Discussion in 'Tomato Firmware' started by cloneman, Jul 2, 2013.

  1. cloneman

    cloneman Addicted to LI Member

    I just installed optware on my E4200v1 with shibby 1.08.

    When I initiate 25mbps of traffic I get about 50% cpu usage as reported by htop, but the webui doesn't report any significant CPU usage, and neither does the regular top or procps-top.

    Which is one is accurate?

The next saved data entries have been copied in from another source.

text \<open>Suppose the inequality fails for every x, i.e. P1(x) P2(f x; x) \<le> n^c 2^(-2\<epsilon>) P2(f x) P1(x; f x).
Averaging log2 over uniform x, the left side is at least -(n + \<epsilon>) - \<epsilon> by hypothesis, while the mean
of log2 P2(f x) is at most -n because f is a bijection and P2 is a distribution (Jensen). Hence the
mean of log2 P1(x; f x) is at least -c log2 n, and by Jensen again the mean of P1(x; f x) is at
least n^(-c). But that mean is the probability that the sampler of P1(\<cdot>; y), run on y = f x,
returns x: a non-negligible inverter for f. Neither \<epsilon> \<ge> 0 nor the efficiency of P1, P2 and
P2(\<cdot>; x) is needed.\<close>

lemma finite_bits: "finite (bits n)"
  unfolding bits_def using finite_lists_length_eq[of "UNIV :: bool set" n] by simp

lemma card_bits: "card (bits n) = 2 ^ n"
  unfolding bits_def using card_lists_length_eq[of "UNIV :: bool set" n] by simp

lemma mean_log_le_log_mean:
  fixes a :: "'a \<Rightarrow> real"
  assumes "b > 1" "finite S" "S \<noteq> {}" "\<And>i. i \<in> S \<Longrightarrow> a i > 0"
  shows "(\<Sum>i\<in>S. log b (a i)) / card S \<le> log b ((\<Sum>i\<in>S. a i) / card S)"
proof -
  have card: "real (card S) > 0" using assms(2,3) by (simp add: card_gt_0_iff)
  have "(\<Sum>i\<in>S. log b (a i) / card S) \<le> log b (\<Sum>i\<in>S. a i / card S)"
    using concave_on_sum[OF assms(2,3) log_concave[OF assms(1)], of "\<lambda>_. 1 / card S" a]
      assms card by auto
  then show ?thesis by (simp add: sum_divide_distrib)
qed

lemma mean_log_distr_le:
  fixes p :: "'a \<Rightarrow> real"
  assumes "b > 1" "finite S" "S \<noteq> {}" "\<And>y. y \<in> S \<Longrightarrow> p y > 0" "(\<Sum>y\<in>S. p y) = 1"
  shows "(\<Sum>y\<in>S. log b (p y)) / card S \<le> - log b (card S)"
proof -
  have "real (card S) > 0" using assms(2,3) by (simp add: card_gt_0_iff)
  then show ?thesis
    using mean_log_le_log_mean[of b S p, OF assms(1-4)] assms(1,5) by (simp add: log_divide)
qed

lemma log_le_if_dominated:
  fixes a b c d R e :: real
  assumes "a > 0" "b > 0" "c \<ge> 0" "d \<ge> 0" "R > 0"
    and le: "a * b \<le> R * 2 powr (- 2 * e) * c * d"
  shows "c > 0" "d > 0" "log 2 a + log 2 b \<le> log 2 R - 2 * e + log 2 c + log 2 d"
proof -
  have "0 < a * b" using assms by simp
  also have "\<dots> \<le> R * 2 powr (- 2 * e) * (c * d)"
    using le by (simp add: mult.assoc)
  finally have "0 < R * 2 powr (- 2 * e) * (c * d)" .
  moreover have "0 < R * 2 powr (- 2 * e)" using assms by simp
  ultimately have "c * d > 0" by (rule zero_less_mult_pos)
  then show "c > 0" "d > 0" using assms by (simp_all add: zero_less_mult_iff)
  have "log 2 (a * b) \<le> log 2 (R * 2 powr (- 2 * e) * c * d)"
    using assms by (intro log_mono) simp_all
  then show "log 2 a + log 2 b \<le> log 2 R - 2 * e + log 2 c + log 2 d"
    using assms \<open>c > 0\<close> \<open>d > 0\<close> by (simp add: log_mult)
qed

lemma mean_backward_ge_if_dominated:
  fixes g :: "'a \<Rightarrow> 'a" and pa pb :: "'a \<Rightarrow> real" and qa qb :: "'a \<Rightarrow> 'a \<Rightarrow> real"
  assumes S: "finite S" "S \<noteq> {}" and g: "bij_betw g S S"
    and pa_pos: "\<And>x. x \<in> S \<Longrightarrow> pa x > 0"
    and qb_pos: "\<And>x. x \<in> S \<Longrightarrow> qb x (g x) > 0"
    and entropy_pa: "(\<Sum>x\<in>S. - log 2 (pa x)) / card S \<le> log 2 (card S) + e"
    and entropy_qb: "(\<Sum>x\<in>S. - log 2 (qb x (g x))) / card S \<le> e"
    and pb_nonneg: "\<And>y. y \<in> S \<Longrightarrow> pb y \<ge> 0" and pb_sum: "(\<Sum>y\<in>S. pb y) = 1"
    and qa_nonneg: "\<And>x y. x \<in> S \<Longrightarrow> y \<in> S \<Longrightarrow> qa y x \<ge> 0"
    and R: "R > 0"
    and dominated: "\<And>x. x \<in> S \<Longrightarrow>
      pa x * qb x (g x) \<le> R * 2 powr (- 2 * e) * pb (g x) * qa (g x) x"
  shows "1 / R \<le> (\<Sum>x\<in>S. qa (g x) x) / card S"
proof -
  define K where "K = real (card S)"
  have K: "K > 0" using S by (simp add: K_def card_gt_0_iff)
  have gS: "\<And>x. x \<in> S \<Longrightarrow> g x \<in> S" using g by (meson bij_betwE)
  have backward_pos: "pb (g x) > 0" "qa (g x) x > 0"
    and pointwise: "log 2 (pa x) + log 2 (qb x (g x))
      \<le> log 2 R - 2 * e + log 2 (pb (g x)) + log 2 (qa (g x) x)" if x: "x \<in> S" for x
    using log_le_if_dominated[OF pa_pos[OF x] qb_pos[OF x] pb_nonneg[OF gS[OF x]]
        qa_nonneg[OF x gS[OF x]] R dominated[OF x]] .
  have pb_pos: "pb y > 0" if "y \<in> S" for y
    using backward_pos g that by (metis bij_betw_iff_bijections)
  have "(\<Sum>x\<in>S. log 2 (pb (g x))) = (\<Sum>y\<in>S. log 2 (pb y))"
    using sum.reindex_bij_betw[OF g] .
  then have entropy_pb: "(\<Sum>x\<in>S. log 2 (pb (g x))) / K \<le> - log 2 K"
    using mean_log_distr_le[of 2 S pb] S pb_pos pb_sum by (simp add: K_def)
  have "(\<Sum>x\<in>S. log 2 (pa x) + log 2 (qb x (g x)))
      \<le> (\<Sum>x\<in>S. log 2 R - 2 * e + log 2 (pb (g x)) + log 2 (qa (g x) x))"
    using pointwise by (rule sum_mono)
  then have "(\<Sum>x\<in>S. log 2 (pa x)) + (\<Sum>x\<in>S. log 2 (qb x (g x)))
      \<le> K * (log 2 R - 2 * e) + (\<Sum>x\<in>S. log 2 (pb (g x))) + (\<Sum>x\<in>S. log 2 (qa (g x) x))"
    by (simp add: sum.distrib K_def)
  then have "((\<Sum>x\<in>S. log 2 (pa x)) + (\<Sum>x\<in>S. log 2 (qb x (g x)))) / K
      \<le> (K * (log 2 R - 2 * e) + (\<Sum>x\<in>S. log 2 (pb (g x))) + (\<Sum>x\<in>S. log 2 (qa (g x) x))) / K"
    using K by (intro divide_right_mono) simp_all
  then have "(\<Sum>x\<in>S. log 2 (pa x)) / K + (\<Sum>x\<in>S. log 2 (qb x (g x))) / K
      \<le> log 2 R - 2 * e + (\<Sum>x\<in>S. log 2 (pb (g x))) / K + (\<Sum>x\<in>S. log 2 (qa (g x) x)) / K"
    using K by (simp add: add_divide_distrib)
  then have "log 2 (1 / R) \<le> (\<Sum>x\<in>S. log 2 (qa (g x) x)) / K"
    using entropy_pa entropy_qb entropy_pb R by (simp add: sum_negf K_def log_divide)
  also have "\<dots> \<le> log 2 ((\<Sum>x\<in>S. qa (g x) x) / K)"
    using mean_log_le_log_mean[of 2 S "\<lambda>x. qa (g x) x"] S backward_pos by (simp add: K_def)
  finally show ?thesis
    using R K S backward_pos by (simp add: K_def sum_pos)
qed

When I stop the download, htop goes back to 5-6%.
  2. Malitiacurt

    Malitiacurt Networkin' Nut Member

  3. Planiwa

    Planiwa Network Guru Member

    Here's what it looks like on:
    Tomato v1.28.9013 MIPSR2-RAF-V1.1v K26 USB VLAN-NGINX-64K

    Creating traffic from a LAN host:
    ping -q -f -s1472 router
    CPU Utilization on the LAN host:
    iostat -c10 -w10 -d -n0 -C
    us sy id
    9 26 64
    ... load averages: 1.38 0.85 0.78
      netstat  -I en1 -w1
                input          (en1)          output
      packets  errs      bytes    packets  errs      bytes colls
          4158    0    6295212      4164    0    6305810    0
    On the router:
    CPU Load    80.02%
    CPU Load (1 / 5 / 15 mins)    0.01 / 0.01 / 0.00
    top -n1 -b |head -3|tail +2
    CPU:  0% usr  7% sys  0% nic  21% idle  0% io  0% irq  71% sirq
    Load average: 0.00 0.00 0.00 1/37 14441
  4. Elfew

    Elfew Network Guru Member

    I saw fix for this in last build from Victek
  5. koitsu

    koitsu Network Guru Member

    I clearly see 71% sirq and 7% sys in top output, which when combined is pretty damn close to 80% shown by the GUI. Plus, 21% idle clearly shows that 79% of the CPU is being used at that time for something. So what Planiwa shows is accurate/correct. :) Also just a key:

    usr = Userland (i.e. applications, daemons, etc.)
    sys = System (i.e. kernel time)
    nic = I suppose NIC (as in network interface card) but this seems a bit strange/bizarre to me
    idle = Idle (i.e. remaining/unused portion of CPU time, 100 - {whatever is used} = idle)
    io = I/O
    irq = Hardware IRQ (as in being generated from a device or via APICs)
    sirq = Software IRQ

    I never quite understood the softirq stuff. Highly technical, just a warning. :)
  6. cloneman

    cloneman Addicted to LI Member

    So if top reports 0/0/0 load averages, but there's 100% sirq utilization, the CPU is overburdened?
  7. koitsu

    koitsu Network Guru Member

    "overburdened" is not the word I would use. The CPU load should be showing 1.00 in that case. If it isn't, that's a problem.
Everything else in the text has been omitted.